lemma nn_integral_exp_cmod_sq_complex_gaussian:
  assumes "\<tau> < 1"
  shows "(\<integral>\<^sup>+ z. exp (\<tau> * (cmod z)\<^sup>2) \<partial>complex_gaussian) = ennreal (1 / (1 - \<tau>))"
proof -
  let ?N = "density lborel (normal_density 0 (sqrt (1/2)))"
  interpret N: prob_space ?N by (rule prob_space_normal_density) simp
  have N: "(\<integral>\<^sup>+ x. exp (\<tau> * x\<^sup>2) \<partial>?N) = ennreal (1 / sqrt (1 - \<tau>))"
    using nn_integral_exp_sq_normal[of "sqrt (1/2)" \<tau>] assms by simp
  have "(\<lambda>(x, y). Complex x y) = (\<lambda>p. complex_of_real (fst p) + \<i> * complex_of_real (snd p))"
    by (auto simp: complex_eq_iff)
  then have meas: "(\<lambda>(x, y). Complex x y) \<in> borel_measurable (?N \<Otimes>\<^sub>M ?N)" by simp
  have "(\<integral>\<^sup>+ z. exp (\<tau> * (cmod z)\<^sup>2) \<partial>complex_gaussian)
      = (\<integral>\<^sup>+ p. exp (\<tau> * (cmod (case p of (x, y) \<Rightarrow> Complex x y))\<^sup>2) \<partial>(?N \<Otimes>\<^sub>M ?N))"
    unfolding complex_gaussian_def by (subst nn_integral_distr[OF meas]) auto
  also have "\<dots> = (\<integral>\<^sup>+ p. ennreal (exp (\<tau> * (fst p)\<^sup>2)) * ennreal (exp (\<tau> * (snd p)\<^sup>2)) \<partial>(?N \<Otimes>\<^sub>M ?N))"
    by (intro nn_integral_cong)
      (auto simp: cmod_def ennreal_mult'[symmetric] exp_add[symmetric] algebra_simps)
  also have "\<dots> = (\<integral>\<^sup>+ x. \<integral>\<^sup>+ y. ennreal (exp (\<tau> * x\<^sup>2)) * ennreal (exp (\<tau> * y\<^sup>2)) \<partial>?N \<partial>?N)"
    by (subst N.nn_integral_fst[symmetric]) auto
  also have "\<dots> = ennreal (1 / sqrt (1 - \<tau>)) * ennreal (1 / sqrt (1 - \<tau>))"
    by (simp add: nn_integral_cmult nn_integral_multc N)
  also have "\<dots> = ennreal (1 / (1 - \<tau>))"
    using assms by (simp add: ennreal_mult'[symmetric] real_sqrt_mult[symmetric])
  finally show ?thesis .
qed

lemma inverse_one_minus_le_exp:
  fixes x :: real
  assumes "0 \<le> x" "x \<le> 1/2"
  shows "1 / (1 - x) \<le> exp (2 * x)"
proof -
  have "x * (2 * x) \<le> x * 1" using assms by (intro mult_left_mono) auto
  then have "1 \<le> (1 + 2 * x) * (1 - x)" by (simp add: algebra_simps)
  then have "1 / (1 - x) \<le> 1 + 2 * x" using assms by (simp add: pos_divide_le_eq)
  also have "\<dots> \<le> exp (2 * x)" by (rule exp_ge_add_one_self)
  finally show ?thesis .
qed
________________
What must be returned is the line with "by (subst N.nn_integral_fst[symmetric])" plus every line after it to the end of the entries, exactly as they appear.

    by (subst N.nn_integral_fst[symmetric]) auto
  also have "\<dots> = ennreal (1 / sqrt (1 - \<tau>)) * ennreal (1 / sqrt (1 - \<tau>))"
    by (simp add: nn_integral_cmult nn_integral_multc N)
  also have "\<dots> = ennreal (1 / (1 - \<tau>))"
    using assms by (simp add: ennreal_mult'[symmetric] real_sqrt_mult[symmetric])
  finally show ?thesis .
qed

lemma inverse_one_minus_le_exp:
  fixes x :: real
  assumes "0 \<le> x" "x \<le> 1/2"
  shows "1 / (1 - x) \<le> exp (2 * x)"
proof -
  have "x * (2 * x) \<le> x * 1" using assms by (intro mult_left_mono) auto
  then have "1 \<le> (1 + 2 * x) * (1 - x)" by (simp add: algebra_simps)
  then have "1 / (1 - x) \<le> 1 + 2 * x" using assms by (simp add: pos_divide_le_eq)
  also have "\<dots> \<le> exp (2 * x)" by (rule exp_ge_add_one_self)
  finally show ?thesis .
qed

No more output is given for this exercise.